Now let’s prepare the data to fit into a histogram with 0 to 50+ infections on the x-axis. Therefor I set each landkreis with more than 50 infections to 50.

 1
 2
 3
 4
 5
 6
 7
 8
 9
10
11
12
13
14
15
16
17
18
19
data_landkreise_cropped <- data_landkreise_per_day %>% 
  filter(MeldedatumKlar >= ymd("2020-03-01")) %>% 
  rowwise() %>% 
  mutate(
    infected_7_per_100k_plot = min(infected_7_per_100k, 50)
  ) %>% 
  ungroup()

get_histogram <- function(data) {
  ggplot(data) +
  geom_histogram(aes(x = infected_7_per_100k_plot, fill = ..x..), bins = 50) +
  scale_fill_gradient2(midpoint = 15, low = "green", mid = "yellow",
                          high = "red", space = "Lab", limits=c(0, 50), oob=squish,
                         name = "Number of infections per 100k (50 is 50+)") +
  guides(fill = FALSE) +
  xlab("New Infections in last 7 days per 100,000 residents") +
  ylab("Number of Landkreise") +
  theme_bw()
}

The result

So let’s compare the June event with the current data:

1
2
get_histogram(data_landkreise_cropped %>% filter(MeldedatumKlar %in% c(ymd("2020-06-23"), ymd("2020-08-14")))) +
  facet_wrap(~MeldedatumKlar) 

As you can see the peak in August is much broader with more Landkreise with more infections. In June on the other hand there were a lot more Landkreise with a few or no infections.

The whole pandemic

Let’s do an animation of the whole pandemic again.

1
2
3
4
5
6
7
library(gganimate)
anim <- get_histogram(data_landkreise_cropped) + 
  transition_manual(MeldedatumKlar) +
  labs(title = "Date: {current_frame}")

animated_histogram <- animate(anim, fps = 5, end_pause = 15)
anim_save("histogram-all-year.gif", animated_histogram)

Note

I’ve got a comment to my last visualization to use different colours such as the viridis scale because red-green colour blindness is very common.

So I tried it here.

1
2
3
get_histogram(data_landkreise_cropped %>% filter(MeldedatumKlar %in% c(ymd("2020-06-23"), ymd("2020-08-14")))) +
  facet_wrap(~MeldedatumKlar) +
   scale_fill_viridis_c()
1
2
## Scale for 'fill' is already present.
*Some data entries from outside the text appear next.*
(* Let $L$ be a finite-dimensional solvable Lie algebra over an arbitrary field $F$ and let $U$ be a proper subalgebra of $L$. Then the following are equivalent: (i) $U$ is modular in $L$; (ii) $U$ is semi-modular in $L$; (iii) $U$ is a quasi-ideal of $L$.
   Context: For subalgebras $U,B$ of a Lie algebra $L$, $\langle U,B\rangle$ denotes the subalgebra generated by $U\cup B$. A subalgebra $B$ covers a subalgebra $A$ if $A$ is a maximal subalgebra of $B$. A subalgebra $U$ of $L$ is modular in $L$ if $\langle U,B\rangle\cap C=\langle B,U\cap C\rangle$ for all subalgebras $B\subseteq C$ of $L$, and $\langle U,B\rangle\cap C=\langle B\cap C,U\rangle$ for all subalgebras $B,C$ of $L$ with $U\subseteq C$. $U$ is upper modular (um) in $L$ if whenever $B$ is a subalgebra of $L$ which covers $U\cap B$, then $\langle U,B\rangle$ covers $U$; $U$ is lower modular (lm) in $L$ if whenever $B$ is a subalgebra of $L$ such that $\langle U,B\rangle$ covers $U$, then $B$ covers $U\cap B$; $U$ is semi-modular (sm) in $L$ if it is both um and lm in $L$. A subalgebra $Q$ of $L$ is a quasi-ideal of $L$ if $[Q,V]\subseteq Q+V$ for every subspace $V$ of $L$. *)

theory Defs
  imports Main "HOL.Vector_Spaces"
begin

text \<open>A Lie algebra over a field: vector space structure given by the scalar
multiplication s on the ambient type 'v (the whole type is the Lie algebra L),
with a bilinear, alternating bracket satisfying the Jacobi identity.\<close>

definition lie_algebra :: "('k::field \<Rightarrow> 'v::ab_group_add \<Rightarrow> 'v) \<Rightarrow> ('v \<Rightarrow> 'v \<Rightarrow> 'v) \<Rightarrow> bool" where
  "lie_algebra s br \<longleftrightarrow> Vector_Spaces.vector_space s
     \<and> (\<forall>x. Vector_Spaces.linear s s (br x)) \<and> (\<forall>y. Vector_Spaces.linear s s (\<lambda>x. br x y))
     \<and> (\<forall>x. br x x = 0)
     \<and> (\<forall>x y z. br x (br y z) + br y (br z x) + br z (br x y) = 0)"

definition fin_dim :: "('k::field \<Rightarrow> 'v::ab_group_add \<Rightarrow> 'v) \<Rightarrow> bool" where
  "fin_dim s \<longleftrightarrow> (\<exists>B. finite B \<and> module.span s B = UNIV)"

fun derived_series :: "('k::field \<Rightarrow> 'v::ab_group_add \<Rightarrow> 'v) \<Rightarrow> ('v \<Rightarrow> 'v \<Rightarrow> 'v) \<Rightarrow> nat \<Rightarrow> 'v set" where
  "derived_series s br 0 = UNIV"
| "derived_series s br (Suc n) =
     module.span s {br x y | x y. x \<in> derived_series s br n \<and> y \<in> derived_series s br n}"

definition solvable_lie :: "('k::field \<Rightarrow> 'v::ab_group_add \<Rightarrow> 'v) \<Rightarrow> ('v \<Rightarrow> 'v \<Rightarrow> 'v) \<Rightarrow> bool" where
  "solvable_lie s br \<longleftrightarrow> (\<exists>n. derived_series s br n = {0})"

definition lie_subalgebra :: "('k::field \<Rightarrow> 'v::ab_group_add \<Rightarrow> 'v) \<Rightarrow> ('v \<Rightarrow> 'v \<Rightarrow> 'v) \<Rightarrow> 'v set \<Rightarrow> bool" where
  "lie_subalgebra s br A \<longleftrightarrow> module.subspace s A \<and> (\<forall>x\<in>A. \<forall>y\<in>A. br x y \<in> A)"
Adding another scale for 'fill', which
## will replace the existing scale.

But I think in this special case green - yellow - red is the better choice because even if you can’t distinghuish between them the position in the plot will be enough to get the right value.

However, the maps of last week would be better with viridis.